» **PROMPT**: The entries below contain a stretch that opens with the line containing "proof (intro set_eqI iffI)" and closes with the line containing "l \<le> 2 * (x"; set down that stretch exactly, both ends included, and nothing else.

* * * *

lemma vcell_translate:
  assumes a: "a \<in> L"
  shows "vcell K L a = (+) a ` vcell K L 0"
proof -
  have aK: "a \<in> K" using a L_subset_K by auto
  have "x \<in> vcell K L a \<longleftrightarrow> x - a \<in> vcell K L 0" for x
  proof -
    have "x \<in> K \<longleftrightarrow> x - a \<in> K"
      using subspace_diff[OF subspace_K _ aK] subspace_add[OF subspace_K _ aK, of "x - a"] by auto
    moreover have "(\<forall>m\<in>L. dist x a \<le> dist x m) \<longleftrightarrow> (\<forall>m\<in>L. dist (x - a) 0 \<le> dist (x - a) m)"
    proof (intro iffI ballI)
      fix m assume close: "\<forall>m\<in>L. dist x a \<le> dist x m" and m: "m \<in> L"
      have "dist (x - a) 0 = dist x a" by (simp add: dist_norm)
      also have "\<dots> \<le> dist x (m + a)" using close add_L[OF m a] by blast
      also have "\<dots> = dist (x - a) m" by (simp add: dist_norm algebra_simps)
      finally show "dist (x - a) 0 \<le> dist (x - a) m" .
    next
      fix m assume close: "\<forall>m\<in>L. dist (x - a) 0 \<le> dist (x - a) m" and m: "m \<in> L"
      have "dist x a = dist (x - a) 0" by (simp add: dist_norm)
      also have "\<dots> \<le> dist (x - a) (m - a)" using close diff_L[OF m a] by blast
      also have "\<dots> = dist x m" by (simp add: dist_norm algebra_simps)
      finally show "dist x a \<le> dist x m" .
    qed
    ultimately show ?thesis unfolding vcell_def by auto
  qed
  then show ?thesis by (force simp: image_iff algebra_simps)
qed

lemma vcell_Int_translate:
  assumes "a \<in> L" "b \<in> L"
  shows "vcell K L a \<inter> vcell K L b = (+) a ` (vcell K L 0 \<inter> vcell K L (b - a))"
proof -
  have "vcell K L b = (+) a ` ((+) (b - a) ` vcell K L 0)"
    using vcell_translate[OF assms(2)] by (simp add: image_image algebra_simps)
  also have "\<dots> = (+) a ` vcell K L (b - a)"
    using vcell_translate[OF diff_L[OF assms(2,1)]] by simp
  finally show ?thesis
    using vcell_translate[OF assms(1)] by (simp add: image_Int inj_on_def)
qed

lemma convex_vcell_0: "convex (vcell K L 0)"
proof -
  have eq: "vcell K L 0 = K \<inter> (\<Inter>m\<in>L. {x. m \<bullet> x \<le> (m \<bullet> m) / 2})"
    unfolding vcell_0 by (auto simp: inner_commute mult.commute)
  show ?thesis unfolding eq
    by (intro convex_Int subspace_imp_convex subspace_K convex_INT ballI convex_halfspace_le)
qed

(* The ball of radius 1/2 around the origin (inside K) lies in the cell of the origin,
   because all nonzero lattice vectors have length at least one; so cells are
   full-dimensional in K. *)

lemma aff_dim_vcell_0: "aff_dim (vcell K L 0) = aff_dim K"
proof -
  have ball_in_cell: "K \<inter> ball 0 (1/2) \<subseteq> vcell K L 0"
  proof
    fix x assume x: "x \<in> K \<inter> ball 0 (1/2)"
    have "2 * (x \<bullet> m) \<le> m \<bullet> m" if m: "m \<in> L" for m
    proof (cases "m = 0")
      case False
      have "1 \<le> norm m"
        using sq_norm_ge_1[OF m False] by (simp add: norm_eq_sqrt_inner real_sqrt_ge_one)
      have "2 * (x \<bullet> m) \<le> 2 * (norm x * norm m)" using norm_cauchy_schwarz[of x m] by simp
      also have "\<dots> = (2 * norm x) * norm m" by simp
      also have "\<dots> \<le> 1 * norm m" using x by (intro mult_right_mono) auto
      also have "\<dots> \<le> norm m * norm m" using \<open>1 \<le> norm m\<close> by (simp add: mult_le_cancel_left1)
      finally show ?thesis by (simp add: power2_norm_eq_inner[symmetric] power2_eq_square)
    qed simp
    then show "x \<in> vcell K L 0" unfolding vcell_0 using x by auto
  qed
  have "aff_dim (K \<inter> ball 0 (1/2)) = aff_dim K"
    by (rule aff_dim_convex_Int_open) (use subspace_imp_convex[OF subspace_K] subspace_0[OF subspace_K] in auto)
  then show ?thesis
    using aff_dim_subset[OF ball_in_cell] aff_dim_subset[OF vcell_0_subset] by simp
qed

lemma aff_dim_vcell: "a \<in> L \<Longrightarrow> aff_dim (vcell K L a) = aff_dim K"
  using vcell_translate aff_dim_translation_eq aff_dim_vcell_0 by metis

lemma vcell_0_Int:
  assumes l: "l \<in> L"
  shows "vcell K L 0 \<inter> vcell K L l = vcell K L 0 \<inter> {x. l \<bullet> x = (l \<bullet> l) / 2}"
proof (intro set_eqI iffI)
  fix x assume x: "x \<in> vcell K L 0 \<inter> vcell K L l"
  then have "2 * (x \<bullet> l) \<le> l \<bullet> l" using l unfolding vcell_0 by auto
  moreover have "l \<bullet> l \<le> 2 * (x \<bullet> l)"
    using x zero_L unfolding vcell_def dist_le_iff_inner by force
  ultimately show "x \<in> vcell K L 0 \<inter> {x. l \<bullet> x = (l \<bullet> l) / 2}"
    using x by (auto simp: dist_le_iff_inner inner_commute)
next
  fix x assume x: "x \<in> vcell K L 0 \<inter> {x. l \<bullet> x = (l \<bullet> l) / 2}"
  then have "\<forall>m\<in>L. dist x l \<le> dist x m" unfolding vcell_0 by (auto simp: dist_le_iff_inner inner_commute)
  then show "x \<in> vcell K L 0 \<inter> vcell K L l" using x unfolding vcell_def by auto
qed

(* The common part of two cells is a face of each, exposed by the bisecting hyperplane. *)
lemma vcell_Int_face:
  assumes "a \<in> L" "b \<in> L"
  shows "vcell K L a \<inter> vcell K L b face_of vcell K L a"
proof -
  have ba: "b - a \<in> L" using diff_L[OF assms(2,1)] .
  have "\<And>x. x \<in> vcell K L 0 \<Longrightarrow> (b - a) \<bullet> x \<le> ((b - a) \<bullet> (b - a)) / 2"
    using ba unfolding vcell_0 by (auto simp: inner_commute)
  then have "vcell K L 0 \<inter> vcell K L (b - a) face_of vcell K L 0"
    unfolding vcell_0_Int[OF ba] by (rule face_of_Int_supporting_hyperplane_le[OF convex_vcell_0])
  then show ?thesis using vcell_Int_translate[OF assms] vcell_translate[OF assms(1)] by simp
qed

lemma aff_dim_bisector:
  assumes "l \<in> K" "l \<noteq> 0"
  shows "aff_dim (K \<inter> {x. l \<bullet> x = (l \<bullet> l) / 2}) = aff_dim K - 1"
proof -
  have "(1/2) *\<^sub>R l \<in> K \<inter> {x. l \<bullet> x = (l \<bullet> l) / 2}"
    using subspace_scale[OF subspace_K assms(1)] by auto
  moreover have "\<not> K \<subseteq> {x. l \<bullet> x = (l \<bullet> l) / 2}" using subspace_0[OF subspace_K] assms(2) by auto
  ultimately show ?thesis
    using aff_dim_affine_Int_hyperplane[OF subspace_imp_affine[OF subspace_K], of l "(l \<bullet> l) / 2"]
    by auto
qed

lemma strictly_relevant_gap:
  assumes "strictly_relevant L l" "l \<in> L" "m \<in> L" "m \<noteq> 0" "m \<noteq> l"
  shows "1 \<le> m \<bullet> m - m \<bullet> l"
proof -
  have "0 < m \<bullet> m - m \<bullet> l" using assms unfolding strictly_relevant_def by auto
  moreover have "m \<bullet> m - m \<bullet> l \<in> \<int>" using inner_Ints assms(2,3) by auto
  ultimately show ?thesis using Ints_nonzero_abs_ge1 by fastforce
qed

(* Points of the bisecting hyperplane close enough to the midpoint of a strictly relevant
   vector l lie in the cell of 0: lattice vectors near l are beaten by the gap, far away
   ones by their length. *)
lemma near_midpoint_in_vcell_0:
  assumes rel: "strictly_relevant L l" and l: "l \<in> L"
    and x: "x \<in> K" "l \<bullet> x = (l \<bullet> l) / 2"
    and near: "norm (x - (1/2) *\<^sub>R l) < 1 / (2 * (norm l + 1))"
  shows "x \<in> vcell K L 0"
proof -
  define y where "y = x - (1/2) *\<^sub>R l"
  define r where "r = 1 / (2 * (norm l + 1))"
  have "0 < norm l + 1" using norm_ge_zero[of l] by linarith
  then have r: "0 < r" "2 * r * (norm l + 1) = 1" unfolding r_def by auto
  have "2 * (x \<bullet> m) \<le> m \<bullet> m" if m: "m \<in> L" for m
  proof (cases "m = 0 \<or> m = l")
    case True
    then show ?thesis using x(2) by (auto simp: inner_commute)
  next
    case False
    have gap: "1 \<le> m \<bullet> m - m \<bullet> l" using strictly_relevant_gap[OF rel l m] False by auto
    have xm: "x \<bullet> m = y \<bullet> m + (m \<bullet> l) / 2" unfolding y_def by (simp add: inner_diff_left inner_commute[of l m])
    have "2 * (y \<bullet> m) \<le> 2 * r * norm m"
      using norm_cauchy_schwarz[of y m] near mult_right_mono[of "norm y" r "norm m"]
      unfolding y_def r_def by auto
    also have "\<dots> \<le> m \<bullet> m - m \<bullet> l"
    proof (cases "norm m \<le> norm l + 1")
      case True
      then have "2 * r * norm m \<le> 2 * r * (norm l + 1)" using r by (intro mult_left_mono) auto
      then show ?thesis using r gap by linarith
    next
      case False
      have "2 * r \<le> 1" using r(2) mult_left_mono[of 1 "norm l + 1" "2 * r"] r(1) by simp
      then have "2 * r * norm m \<le> norm m * (norm m - norm l)"
        using False mult_mono[of "2 * r" "norm m - norm l" "norm m" "norm m"] by (simp add: mult.commute)
      also have "\<dots> \<le> m \<bullet> m - m \<bullet> l"
        using norm_cauchy_schwarz[of m l] by (simp add: algebra_simps power2_norm_eq_inner[symmetric] power2_eq_square)
      finally show ?thesis .
    qed
    finally show ?thesis using xm by linarith
  qed
  then show ?thesis unfolding vcell_0 using x(1) by auto
qed

(* Voronoi: the cells of 0 and a strictly relevant l meet in a facet, since the common part
   contains a relatively open piece of their bisecting hyperplane. *)
lemma facet_if_strictly_relevant:
  assumes rel: "strictly_relevant L l" and l: "l \<in> L"
  shows "aff_dim (vcell K L 0 \<inter> vcell K L l) = aff_dim K - 1"
proof -
  define H where "H = K \<inter> {x. l \<bullet> x = (l \<bullet> l) / 2}"
  define c where "c = (1/2) *\<^sub>R l"
  define r where "r = 1 / (2 * (norm l + 1))"
  have lK: "l \<in> K" using l L_subset_K by auto
  have "0 < norm l + 1" using norm_ge_zero[of l] by linarith
  then have r: "0 < r" unfolding r_def by simp
  have cH: "c \<in> H" unfolding c_def H_def using subspace_scale[OF subspace_K lK] by auto
  have piece: "H \<inter> ball c r \<subseteq> vcell K L 0 \<inter> vcell K L l"
  proof
    fix x assume x: "x \<in> H \<inter> ball c r"
    then have "x \<in> vcell K L 0"
      using near_midpoint_in_vcell_0[OF rel l] unfolding H_def c_def r_def
      by (auto simp: dist_norm norm_minus_commute)
    then show "x \<in> vcell K L 0 \<inter> vcell K L l" unfolding vcell_0_Int[OF l] using x H_def by simp
  qed
  have "vcell K L 0 \<inter> vcell K L l \<subseteq> H"
    using vcell_0_Int[OF l] vcell_0_subset unfolding H_def by auto
  moreover have "aff_dim (H \<inter> ball c r) = aff_dim H"
  proof (rule aff_dim_convex_Int_open)
    show "convex H" unfolding H_def by (intro convex_Int subspace_imp_convex subspace_K convex_hyperplane)
  qed (use cH r in auto)
  ultimately show ?thesis
    using aff_dim_subset[OF piece] aff_dim_subset[of "vcell K L 0 \<inter> vcell K L l" H]
      aff_dim_bisector[OF lK] rel unfolding H_def strictly_relevant_def by simp
qed

(* Two distinct bisecting hyperplanes of 0 (with l and with m) cannot contain the same
   section of K: a point of the first one, moved within it, leaves the second one. *)
lemma bisector_not_contained:
  assumes "l \<in> K" "m \<in> K" "m \<noteq> 0" "m \<noteq> l"
  shows "\<not> K \<inter> {x. l \<bullet> x = (l \<bullet> l) / 2} \<subseteq> {x. m \<bullet> x = (m \<bullet> m) / 2}"
proof
  assume sub: "K \<inter> {x. l \<bullet> x = (l \<bullet> l) / 2} \<subseteq> {x. m \<bullet> x = (m \<bullet> m) / 2}"
  define c where "c = (1/2) *\<^sub>R l"
  define w where "w = (l \<bullet> l) *\<^sub>R m - (m \<bullet> l) *\<^sub>R l"
  have cK: "c \<in> K" unfolding c_def using subspace_scale[OF subspace_K assms(1)] .
  have wK: "w \<in> K" unfolding w_def
    using subspace_diff[OF subspace_K] subspace_scale[OF subspace_K] assms(1,2) by auto
  have "l \<bullet> w = 0" unfolding w_def by (simp add: inner_diff_right inner_commute)
  then have "c \<in> K \<inter> {x. l \<bullet> x = (l \<bullet> l) / 2}" "c + w \<in> K \<inter> {x. l \<bullet> x = (l \<bullet> l) / 2}"
    using cK wK subspace_add[OF subspace_K cK wK] unfolding c_def by (auto simp: inner_add_right)
  then have hc: "m \<bullet> c = (m \<bullet> m) / 2" and hcw: "m \<bullet> (c + w) = (m \<bullet> m) / 2" using sub by auto
  have ml: "m \<bullet> l = m \<bullet> m" using hc unfolding c_def by simp
  have "m \<bullet> w = 0" using hc hcw by (simp add: inner_add_right)
  then have "(l \<bullet> l) * (m \<bullet> m) = (m \<bullet> m) * (m \<bullet> m)" unfolding w_def using ml by (simp add: inner_diff_right)
  then have "l \<bullet> l = m \<bullet> m" using assms(3) by simp
  then have "(m - l) \<bullet> (m - l) = 0" using ml by (simp add: inner_diff_left inner_diff_right inner_commute)
  then show False using assms(4) by simp
qed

* * * *

» **TASK ANSWER**:
proof (intro set_eqI iffI)
  fix x assume x: "x \<in> vcell K L 0 \<inter> vcell K L l"
  then have "2 * (x \<bullet> l) \<le> l \<bullet> l" using l unfolding vcell_0 by auto
  moreover have "l \<bullet> l \<le> 2 * (x \<bullet> l)"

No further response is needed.